What could a teeming Indian metropolis spread over 700-odd sq km have in common with a little island in Scotland, home to about 60 people and noted for its birdlife? I'm at the Science Gallery Bengaluru (SGB) in Sanjaynagar, at its showpiece opening exhibition CARBON, piecing together a story from dramatic photographs of skies in Bengaluru and Fair Isle.
The mediator tells me about the French artist Anais Tondeur and her journey from Fair Isle to the port town of Folkestone in southern England, a distant source of industrial soot — these particles were carried by winds over hundreds of miles, eventually smudging the skies of Fair Isle. Atmospheric scientists Rita van Dingenen and Jean-Philippe Putaud helped the artist measure the severity of the pollution at the photographed locations. Tondeur used carbon black particles on the face mask she wore to make the printer ink that produced the photographs.
In Bengaluru, she repeated the exercise with a group of volunteers, on a walk from the Indian Institute of Science to Sankey Tank. “In a sense, the pollution from these places is here, in the images,” says the mediator.
CARBON traverses ideas around the life-forming element in multiple artistic styles. It tries to speak with the viewer in an immediate, sensory space that makes themes of global consequence more accessible. Some questions prod more than they seek to resolve, all of them integral to the 35-plus exhibits. They are framed in a curatorial style that places the viewer right in the middle of the subject, making the engagement more personal than it is with the familiar, rigour-prone forms of science communication.
Triggered by Motion puts together a year’s data from 21 conservation projects in different parts of the world into 20-minute films, to understand how climate change is disrupting patterns of wildlife. X-Carbon, an arcade game, is set against a collapsing star and a civilisation it threatens to wipe out. Whale Falls, Carbon Sinks is an audio-visual installation on the natural-cultural history of whales that also lets me catch a whiff of the ocean, in a custom perfume.
A virtual reality-powered exhibit lets me navigate complex carbon structures at the nanoscale. Then, I put the headphones on to listen to The Mineworkers’ Song, a 1950s composition by mineworker and playwright Pillo Deshwal, from the coalfields of Jharia in Jharkhand — this is a companion piece to images and text that also memorialise miners who have died in work accidents.
Jahnavi Phalkey, Director, SGB, says the choice of CARBON as the gallery’s first exhibition is informed by a desire to get the public to understand the relevance of research and to get them to say interesting things back to the researchers. “Carbon becomes among the most obvious choices because climate change is a key concern but then, doing an exhibition on climate change is like telling the public — here is the problem, and this is what you need to understand. There is a fatigue that comes from being asked to engage with research on terms that are set elsewhere.

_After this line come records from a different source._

lemma prob_linear_deviation_tendsto_zero:
  assumes int: "\<And>t. integrable M (\<lambda>\<omega>. (S t \<omega>)\<^sup>2)"
    and second_moment: "\<And>t. expectation (\<lambda>\<omega>. (S t \<omega>)\<^sup>2) = real t * K"
    and "\<epsilon> > 0"
  shows "(\<lambda>t. prob {\<omega> \<in> space M. \<epsilon> * real t \<le> \<bar>S t \<omega>\<bar>}) \<longlonglongrightarrow> 0"
proof (rule tendsto_sandwich)
  show "eventually (\<lambda>t. 0 \<le> prob {\<omega> \<in> space M. \<epsilon> * real t \<le> \<bar>S t \<omega>\<bar>}) sequentially"
    by simp
  show "eventually (\<lambda>t. prob {\<omega> \<in> space M. \<epsilon> * real t \<le> \<bar>S t \<omega>\<bar>}
      \<le> K / \<epsilon>\<^sup>2 * inverse (real t)) sequentially"
    using eventually_ge_at_top[of 1]
  proof eventually_elim
    case (elim t)
    then have "(\<epsilon> * real t)\<^sup>2 > 0" using \<open>\<epsilon> > 0\<close> by simp
    have "{\<omega> \<in> space M. \<epsilon> * real t \<le> \<bar>S t \<omega>\<bar>} = {\<omega> \<in> space M. (\<epsilon> * real t)\<^sup>2 \<le> (S t \<omega>)\<^sup>2}"
      using \<open>\<epsilon> > 0\<close> by (auto simp flip: abs_le_square_iff)
    then have "prob {\<omega> \<in> space M. \<epsilon> * real t \<le> \<bar>S t \<omega>\<bar>}
        \<le> expectation (\<lambda>\<omega>. (S t \<omega>)\<^sup>2) / (\<epsilon> * real t)\<^sup>2"
      using int \<open>(\<epsilon> * real t)\<^sup>2 > 0\<close>
      by (simp add: integral_Markov_inequality_measure[where A = "space M"])
    also have "\<dots> = K / \<epsilon>\<^sup>2 * inverse (real t)"
      using second_moment elim \<open>\<epsilon> > 0\<close> by (simp add: field_simps power2_eq_square)
    finally show ?case .
  qed
  show "(\<lambda>t. K / \<epsilon>\<^sup>2 * inverse (real t)) \<longlonglongrightarrow> 0"
    by (intro tendsto_mult_right_zero lim_inverse_n)
qed simp

lemma expectation_square_weighted_sum_std_normal_array:
  fixes X :: "nat \<Rightarrow> nat \<Rightarrow> 'a \<Rightarrow> real"
  assumes ind: "indep_vars (\<lambda>_. borel) (\<lambda>(i, k). X i k) ({1..N} \<times> {1..})"
    and D: "\<forall>i\<in>{1..N}. \<forall>k\<ge>1. distributed M lborel (X i k) std_normal_density"
  shows "integrable M (\<lambda>\<omega>. (\<Sum>k=1..t. \<Sum>i=1..N. c i * X i k \<omega>)\<^sup>2)"
    "expectation (\<lambda>\<omega>. (\<Sum>k=1..t. \<Sum>i=1..N. c i * X i k \<omega>)\<^sup>2) = real t * (\<Sum>i=1..N. (c i)\<^sup>2)"
proof -
  let ?Z = "\<lambda>(i, k). X i k"
  have D': "distributed M lborel (?Z p) std_normal_density" if "p \<in> {1..N} \<times> {1..}" for p
    using D that by auto
  have sub: "{1..N} \<times> {1..t} \<subseteq> {1..N} \<times> {1..}" by auto
  have sum_eq: "(\<Sum>k=1..t. \<Sum>i=1..N. c i * X i k \<omega>) = (\<Sum>p\<in>{1..N} \<times> {1..t}. c (fst p) * ?Z p \<omega>)"
    for \<omega> by (subst sum.swap) (simp add: sum.cartesian_product case_prod_beta)
  have "(\<Sum>p\<in>{1..N} \<times> {1..t}. (c (fst p))\<^sup>2) = (\<Sum>i=1..N. \<Sum>k=1..t. (c i)\<^sup>2)"
    by (simp only: sum.cartesian_product) (intro sum.cong refl, auto)
  also have "\<dots> = real t * (\<Sum>i=1..N. (c i)\<^sup>2)" by (simp add: sum_distrib_left)
  finally show "integrable M (\<lambda>\<omega>. (\<Sum>k=1..t. \<Sum>i=1..N. c i * X i k \<omega>)\<^sup>2)"
    "expectation (\<lambda>\<omega>. (\<Sum>k=1..t. \<Sum>i=1..N. c i * X i k \<omega>)\<^sup>2) = real t * (\<Sum>i=1..N. (c i)\<^sup>2)"
    unfolding sum_eq
    using expectation_square_sum_indep_std_normal[OF ind _ sub D', of "\<lambda>p. c (fst p)"]
    by simp_all
qed

end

Simplification might not be the best approach because people are capable of understanding complexity if it is phrased in a language that is accessible to them,” she says.
There is the intention to discard broad-stroke narratives on carbon as the antagonist that needs to be controlled/sequestered and to frame positive discussions that help look at the problem in more interesting ways. The language of the exhibition stays true to this relatability of form, even when it tries to break the more abstract ideas down.
The energy slave, a concept architect-futurist R Buckminster Fuller introduced to equate energy generated by fossil fuels to volumes of human labour, finds expression in the exhibit Energy Slave Tokens. It has on display tokens, or weights made of bitumen that are equivalent to specific quantities of time spent on physical labour — hour, day, week, month, year, a lifetime.
Jahnavi underlines the cultural work being done at the gallery which opened in January this year — “Cultural work does inform policy-making but it will take time”.
SGB is preparing to host its next large exhibition, themed on quantum. CARBON has been a statement of intent from the gallery, a concerted attempt to steer local contexts — from Chhattisgarh to Buenos Aires to western Siberia — to shape a collective global expression. “It is a problem that needs to be addressed at a global scale because it is operating without boundaries. This is not something you can engage with by taking national borders to be real,” Jahnavi says.
CARBON is on at SGB till June 2024. The gallery is closed on Mondays and Tuesdays. Entry is free.